Pulmonary involvement is usually found and is not indicative of an MPA.

In the laboratory, one finds CRP and erythrocyte sedimentation rate increased as a sign of inflammation. It comes to leukocytosis. The disease is usually seen as a negative ANCA.

Diagnosis

According to the ACR criteria, the diagnosis of the PAN can be provided if at least 3 of the following criteria are met 10.

Differential Diagnosis

• Microscopic polyangiitis
• Other vasculitides
• Systemic lupus erythematosus

Therapy

The PAN is usually treated with corticosteroids and cyclophosphamide or azathioprine. As part of a hepatitis B and this is treated, resulting in the improvement of symptoms.
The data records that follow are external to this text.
(* Let $F\in\mathbb{R}^{n\times n}$, $G\in\mathbb{R}^{n\times m}$ and $H\in\mathbb{R}^{p\times n}$ with $m\le p$ and $m\le n$, such that $(F,G)$ is reachable, $(F,H)$ is observable, $F$ has all its eigenvalues in the open left half-plane, $G$ has full column rank $m$, and $\mathrm{rank}(HG)=m$. Let $V_{\zeta}(s)=H(sI-F)^{-1}G$. Let $\Pi$ be a $p\times p$ permutation matrix such that $\Pi H=\begin{pmatrix}H_0\\ H_1\end{pmatrix}$ with $H_0\in\mathbb{R}^{m\times n}$ and $H_0G$ invertible (such a $\Pi$ exists because $\mathrm{rank}(HG)=m$). Define $\Gamma=F-G(H_0G)^{-1}H_0F$, $$T(s)=H_1\Gamma(sI-\Gamma)^{-1}G(H_0G)^{-1}+H_1G(H_0G)^{-1},\qquad M(s)=H_0F(sI-F)^{-1}G+H_0G .$$ Then $$\Pi\, V_{\zeta}(s)=\begin{pmatrix} I\\ T(s)\end{pmatrix}M(s)\,s^{-1}.$$
   Context: Here $V_\zeta$ is a minimal stable spectral factor of the spectral density $\Phi_\zeta(i\omega)=V_\zeta(i\omega)V_\zeta(-i\omega)'$ of a stationary $p$-vector process $\zeta$; reordering the rows of $H$ by $\Pi$ corresponds to reordering the entries of $\zeta$ so that the first $m$ entries form $u$ and the remaining $p-m$ form $y$, and $T$ is then the transfer function relating $u$ to $y$. *)

theory Defs
  imports "Jordan_Normal_Form.Char_Poly" "Jordan_Normal_Form.DL_Rank"
    "HOL-Combinatorics.Permutations"
begin

definition minv :: "'a :: field mat \<Rightarrow> 'a mat" where
  "minv A = (inverse (det A)) \<cdot>\<^sub>m adj_mat A"

abbreviation mrank :: "nat \<Rightarrow> 'a :: field mat \<Rightarrow> nat" where
  "mrank nr A \<equiv> vec_space.rank nr A"

text \<open>Controllability (reachability) matrix [G, FG, ..., F^(n-1) G], of size n x (n*m).\<close>
definition ctrb_mat :: "nat \<Rightarrow> nat \<Rightarrow> 'a :: comm_ring_1 mat \<Rightarrow> 'a mat \<Rightarrow> 'a mat" where
  "ctrb_mat n m F G = mat n (n * m) (\<lambda>(i,j). (F ^\<^sub>m (j div m) * G) $$ (i, j mod m))"

text \<open>Observability matrix [H; HF; ...; H F^(n-1)], of size (n*p) x n.\<close>
definition obsv_mat :: "nat \<Rightarrow> nat \<Rightarrow> 'a :: comm_ring_1 mat \<Rightarrow> 'a mat \<Rightarrow> 'a mat" where
  "obsv_mat n p F H = mat (n * p) n (\<lambda>(i,j). (H * F ^\<^sub>m (i div p)) $$ (i mod p, j))"

definition reachable :: "nat \<Rightarrow> nat \<Rightarrow> real mat \<Rightarrow> real mat \<Rightarrow> bool" where
  "reachable n m F G \<longleftrightarrow> mrank n (ctrb_mat n m F G) = n"

definition observable :: "nat \<Rightarrow> nat \<Rightarrow> real mat \<Rightarrow> real mat \<Rightarrow> bool" where
  "observable n p F H \<longleftrightarrow> mrank (n * p) (obsv_mat n p F H) = n"

definition hurwitz :: "real mat \<Rightarrow> bool" where
  "hurwitz F \<longleftrightarrow> (\<forall>z. eigenvalue (map_mat complex_of_real F) z \<longrightarrow> Re z < 0)"

text \<open>Permutation matrix: row i of P * A is row (\<sigma> i) of A.\<close>
definition perm_mat :: "nat \<Rightarrow> (nat \<Rightarrow> nat) \<Rightarrow> 'a :: zero_neq_one mat" where
  "perm_mat p \<sigma> = mat p p (\<lambda>(i,j). if \<sigma> i = j then 1 else 0)"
Since the success of treatment depends crucially on the severity of the polyarteritis nodosa, most have been subdivided according to a five-factor score. In a mild form ( score = 0) 50% of patients achieve remission with glucocorticoids alone, although 40 % suffer a relapse and then need an additional immunosuppressive agent - usually Cyclopshosphamid or azathioprine. In severe forms or in renal infarction and visceral investments is usually started immediately with a combination therapy. Although this lack comparative analyzes, but is usually done several weeks of high-dose therapy with glucocorticoids. Then the dose is gradually reduced step by step over six to twelve months. Cyclophosphamide is no more than a year, mostly given because of the toxicity.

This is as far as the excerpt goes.